lemma sigma_poly_eq_0_iff: "sigma_poly p = 0 \<longleftrightarrow> (p :: 'a::field poly poly) = 0"
  by (simp add: poly_eq_iff[where 'a = "'a poly"] coeff_sigma_poly pcompose_eq_0_iff)

lemma sigma_poly_tau_poly: "sigma_poly (tau_poly q p) = tau_poly q (sigma_poly p)"
  by (simp add: poly_eq_iff coeff_sigma_poly coeff_tau_poly pcompose_smult)

lemma coeff_dy_poly: "coeff (dy_poly p) i = pderiv (coeff p i)"
  by (simp add: dy_poly_def coeff_map_poly)

lemma dy_poly_add: "dy_poly (a + b) = dy_poly a + dy_poly b"
  by (simp add: poly_eq_iff coeff_dy_poly pderiv_add)

lemma dy_poly_mult: "dy_poly (a * b) = dy_poly a * b + a * dy_poly (b :: 'a::field poly poly)"
proof (rule poly_eqI)
  fix n
  have "coeff (dy_poly (a * b)) n =
      (\<Sum>i\<le>n. pderiv (coeff a i) * coeff b (n - i) + coeff a i * pderiv (coeff b (n - i)))"
    by (simp add: coeff_dy_poly coeff_mult pderiv_mult higher_pderiv_sum[of 1, simplified]
        algebra_simps)
  then show "coeff (dy_poly (a * b)) n = coeff (dy_poly a * b + a * dy_poly b) n"
    by (simp add: coeff_dy_poly coeff_mult sum.distrib)
qed

lemma dy_poly_tau_poly: "dy_poly (tau_poly q p) = tau_poly q (dy_poly p)"
  by (simp add: poly_eq_iff coeff_dy_poly coeff_tau_poly pderiv_smult)

subsection \<open>The operators on rational functions\<close>

lemma frep: "snd (frep f) \<noteq> 0" "f = Fract (fst (frep f)) (snd (frep f))"
proof -
  obtain a b where "f = Fract a b" "b \<noteq> 0"
    by (cases f)
  then have "\<exists>p. snd p \<noteq> 0 \<and> f = Fract (fst p) (snd p)"
    by (intro exI[of _ "(a, b)"]) simp
  then have "snd (frep f) \<noteq> 0 \<and> f = Fract (fst (frep f)) (snd (frep f))"
    unfolding frep_def by (rule someI_ex)
  then show "snd (frep f) \<noteq> 0" "f = Fract (fst (frep f)) (snd (frep f))"
    by blast+
qed

lemma Fract_map_frep:
  fixes F :: "'a::field poly poly \<Rightarrow> 'a poly poly"
  assumes mult: "\<And>x y. F (x * y) = F x * F y"
    and nonzero: "\<And>x. x \<noteq> 0 \<Longrightarrow> F x \<noteq> 0"
    and "b \<noteq> 0"
  shows "Fract (F (fst (frep (Fract a b)))) (F (snd (frep (Fract a b)))) = Fract (F a) (F b)"
proof -
  define r where "r = frep (Fract a b)"
  have "a * snd r = fst r * b"
    using frep[of "Fract a b"] \<open>b \<noteq> 0\<close> by (simp add: r_def eq_fract)
  then have "F a * F (snd r) = F (fst r) * F b"
    by (metis mult)
  then show ?thesis
    using frep(1)[of "Fract a b"] \<open>b \<noteq> 0\<close> by (simp add: r_def[symmetric] eq_fract nonzero)
qed
lemma qtprod_block_sym:
  assumes x: "x \<in> block_sym n a" and y: "y \<in> block_sym n b"
  shows "qtprod (n * a) x y \<in> block_sym n (a + b)"
proof (rule block_symI)
  show "qtprod (n * a) x y \<in> qspace (n * (a + b))"
    using qtprod_qspace[OF block_sym_qspace[OF x] block_sym_qspace[OF y]] by (simp add: distrib_left)
  fix w w' assume w: "w \<in> qwords (n * (a + b))" "w' \<in> qwords (n * (a + b))"
    "block_zeros n (a + b) w = block_zeros n (a + b) w'"
  have "w \<in> qwords (n * a + n * b)" using w(1) by (simp add: distrib_left)
  then obtain A B where AB: "A \<in> qwords (n * a)" "B \<in> qwords (n * b)" "w = A @ B"
    using qwords_add_split by blast
  have "w' \<in> qwords (n * a + n * b)" using w(2) by (simp add: distrib_left)
  then obtain A' B' where AB': "A' \<in> qwords (n * a)" "B' \<in> qwords (n * b)" "w' = A' @ B'"
    using qwords_add_split by blast
  have l: "length A = n * a" "length A' = n * a" using AB AB' by (simp_all add: qwords_length)
  have "block_zeros n a A = block_zeros n a A'" "block_zeros n b B = block_zeros n b B'"
    using w(3) block_zeros_append_eq_iff[OF l, of b B B'] AB(3) AB'(3) by simp_all
  then have "x A = x A'" "y B = y B'"
    using block_symD[OF x AB(1) AB'(1)] block_symD[OF y AB(2) AB'(2)] by simp_all
  then show "qtprod (n * a) x y w = qtprod (n * a) x y w'"
    using AB(3) AB'(3) l by (simp add: qtprod_append)
qed

lemma contract_block_sym:
  assumes v: "v \<in> block_sym n (p + 2 + r)"
  shows "contract n p v \<in> block_sym n (p + r)"
proof (rule block_symI)
  show "contract n p v \<in> qspace (n * (p + r))"
    using contract_qspace[of v n "p + r" p] block_sym_qspace[OF v] by (simp add: algebra_simps)
  fix x x' assume x: "x \<in> qwords (n * (p + r))" "x' \<in> qwords (n * (p + r))"
    "block_zeros n (p + r) x = block_zeros n (p + r) x'"
  have "x \<in> qwords (n * p + n * r)" using x(1) by (simp add: distrib_left)
  then obtain A B where AB: "A \<in> qwords (n * p)" "B \<in> qwords (n * r)" "x = A @ B"
    using qwords_add_split by blast
  have "x' \<in> qwords (n * p + n * r)" using x(2) by (simp add: distrib_left)
  then obtain A' B' where AB': "A' \<in> qwords (n * p)" "B' \<in> qwords (n * r)" "x' = A' @ B'"
    using qwords_add_split by blast
  have l: "length A = n * p" "length A' = n * p" using AB AB' by (simp_all add: qwords_length)
  have e: "block_zeros n p A = block_zeros n p A'" "block_zeros n r B = block_zeros n r B'"
    using x(3) block_zeros_append_eq_iff[OF l, of r B B'] AB(3) AB'(3) by simp_all
  have "v (A @ z @ B) = v (A' @ z @ B')" if z: "z \<in> qwords (2 * n)" for z
  proof (rule block_symD[OF v])
    have lz: "length z = n * 2" using z by (simp add: qwords_length)
    have q: "n * (p + 2 + r) = n * p + n * 2 + n * r" by (simp add: algebra_simps)
    show "A @ z @ B \<in> qwords (n * (p + 2 + r))" unfolding q
      using AB z by (intro qwords_append3I) (simp_all add: mult.commute)
    show "A' @ z @ B' \<in> qwords (n * (p + 2 + r))" unfolding q
      using AB' z by (intro qwords_append3I) (simp_all add: mult.commute)
    show "block_zeros n (p + 2 + r) (A @ z @ B) = block_zeros n (p + 2 + r) (A' @ z @ B')"
      using block_zeros_append3_eq_iff[of A n p z 2 A' z r B B'] l lz e by simp
  qed
  then show "contract n p v x = contract n p v x'"
    using AB(3) AB'(3) l by (simp add: contract_append)
qed
lemma epowr_add_le:
  assumes "0 < q"
  shows "epowr (x + y) q \<le> ennreal (2 powr q) * (epowr x q + epowr y q)"
proof (cases "x = \<infinity> \<or> y = \<infinity>")
  case True
  then show ?thesis
    by (elim disjE) (simp_all add: ennreal_mult_top)
next
  case False
  obtain a where a: "x = ennreal a" "0 \<le> a"
    using False by (cases x rule: ennreal_cases) auto
  obtain b where b: "y = ennreal b" "0 \<le> b"
    using False by (cases y rule: ennreal_cases) auto
  note ab = a b
  have "(a + b) powr q \<le> 2 powr q * (a powr q + b powr q)"
    using ab(2,4) assms by (rule powr_add_le_two_powr)
  with ab show ?thesis
    by (simp add: ennreal_plus [symmetric] ennreal_mult [symmetric] ennreal_leI del: ennreal_plus)
qed

lemma epowr_tendsto_zero:
  assumes "X \<longlonglongrightarrow> 0" "0 < q"
  shows "(\<lambda>k. epowr (X k) q) \<longlonglongrightarrow> 0"
proof -
  have "eventually (\<lambda>k. X k < \<infinity>) sequentially"
    using assms(1) by (rule order_tendstoD) simp
  then have "eventually (\<lambda>k. ennreal (enn2real (X k) powr q) = epowr (X k) q) sequentially"
    by eventually_elim (simp add: epowr_def)
  moreover have "(\<lambda>k. ennreal (enn2real (X k) powr q)) \<longlonglongrightarrow> ennreal 0"
    using assms by (intro tendsto_ennrealI tendsto_zero_powrI[where b = q] tendsto_enn2real[of X 0, simplified]) auto
  ultimately show ?thesis
    by (simp add: tendsto_cong)
qed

*ASSIGNMENT:* Looking at the records, state how many lines contain "False" and write nothing besides that number.

*SOLUTION TO THE EXERCISE:* 3